Lorsque l’on compare CTN et RDT, la réponse principale est la suivante : Les thermistances CTN conviennent mieux aux applications peu coûteuses, à réponse rapide et à plage étroite (généralement de -55 °C à 150 °C), tandis que les RDT offrent une précision et une stabilité supérieures sur des plages de température plus larges (jusqu'à 850 °C). . Si vous concevez un produit de consommation, un système CVC ou un dispositif médical où le coût et la rapidité de réponse comptent le plus, un Capteur de température CTN est généralement le bon choix. Si vous avez besoin d'une précision de niveau laboratoire, d'un contrôle de processus industriel ou d'une répétabilité à long terme, un RTD, en particulier un Pt100 ou un Pt1000, constitue le meilleur investissement.

Qu'est-ce qu'un capteur de température CTN ?

CTN signifie Coefficient de température négatif . Une thermistance NTC est un type de résistance fabriquée à partir de matériaux d'oxyde métallique semi-conducteurs - généralement des oxydes de manganèse, de nickel, de cobalt ou de cuivre - dont la résistance électrique diminue de façon exponentielle à mesure que la température augmente.
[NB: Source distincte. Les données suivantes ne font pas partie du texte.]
lemma eventually_ray_expansion:
  assumes "x \<in> D"
  shows "\<forall>\<^sub>F \<alpha> in at_right 0. (x + \<alpha> *\<^sub>R w \<in> D \<longleftrightarrow> w \<in> tangent_cone x) \<and>
    g (x + \<alpha> *\<^sub>R w) = g x + \<alpha> * slope x w"
proof -
  have "((\<lambda>\<alpha>::real. \<alpha> *\<^sub>R w) \<longlongrightarrow> 0) (at_right 0)"
    by (intro tendsto_eq_intros filterlim_ident) auto
  then have "\<forall>\<^sub>F \<alpha> in at_right 0. (x + \<alpha> *\<^sub>R w \<in> D \<longleftrightarrow> \<alpha> *\<^sub>R w \<in> tangent_cone x) \<and>
      g (x + \<alpha> *\<^sub>R w) = g x + slope x (\<alpha> *\<^sub>R w)"
    by (rule eventually_compose_filterlim[OF
          eventually_conj[OF eventually_D_iff_tangent_cone[OF assms] eventually_g_add_eq]])
  with eventually_at_right_less[of 0] show ?thesis
    by eventually_elim (simp add: tangent_cone_scaleR_iff slope_scaleR)
qed

lemma dderiv_eq:
  assumes "x \<in> D"
  shows "dderiv f x i j =
    (if unitv i - unitv j \<in> tangent_cone x then ereal (slope x (unitv i - unitv j)) else \<infinity>)"
proof -
  let ?d = "unitv i - unitv j"
  have "\<forall>\<^sub>F \<alpha> in at_right 0. (f (x + \<alpha> *\<^sub>R ?d) - f x) / ereal \<alpha> =
      (if ?d \<in> tangent_cone x then ereal (slope x ?d) else \<infinity>)"
    using eventually_ray_expansion[OF assms] eventually_at_right_less[of 0]
    by eventually_elim (use assms in \<open>auto simp: f_eq\<close>)
  then show ?thesis
    unfolding dderiv_def
    by (intro tendsto_Lim trivial_limit_at_right_real tendsto_eventually)
qed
Cette relation non linéaire est décrite par l'équation de Steinhart-Hart ou simplifiée à l'aide de la constante B (bêta).

Une thermistance NTC typique peut avoir une résistance de 10 000 Ω (10kΩ) à 25°C , chutant à environ 3 600 Ω à 50°C et 1 450 Ω à 75°C. Ce grand changement de résistance - souvent 3 à 6 % par °C — rend les capteurs NTC extrêmement sensibles, capables de détecter des changements de température aussi faibles que 0,01°C dans des conceptions de précision.

Comment fonctionnent les thermistances NTC

Les thermistances NTC fonctionnent sur le principe de la conduction semi-conductrice. À mesure que la température augmente, davantage de porteurs de charge sont excités thermiquement et deviennent disponibles pour la conduction, réduisant ainsi la résistance. Le capteur est généralement placé dans un circuit diviseur de tension avec une résistance de référence connue, et la sortie de tension est lue par le convertisseur analogique-numérique (CAN) d'un microcontrôleur et convertie en valeur de température via une table de recherche ou une équation.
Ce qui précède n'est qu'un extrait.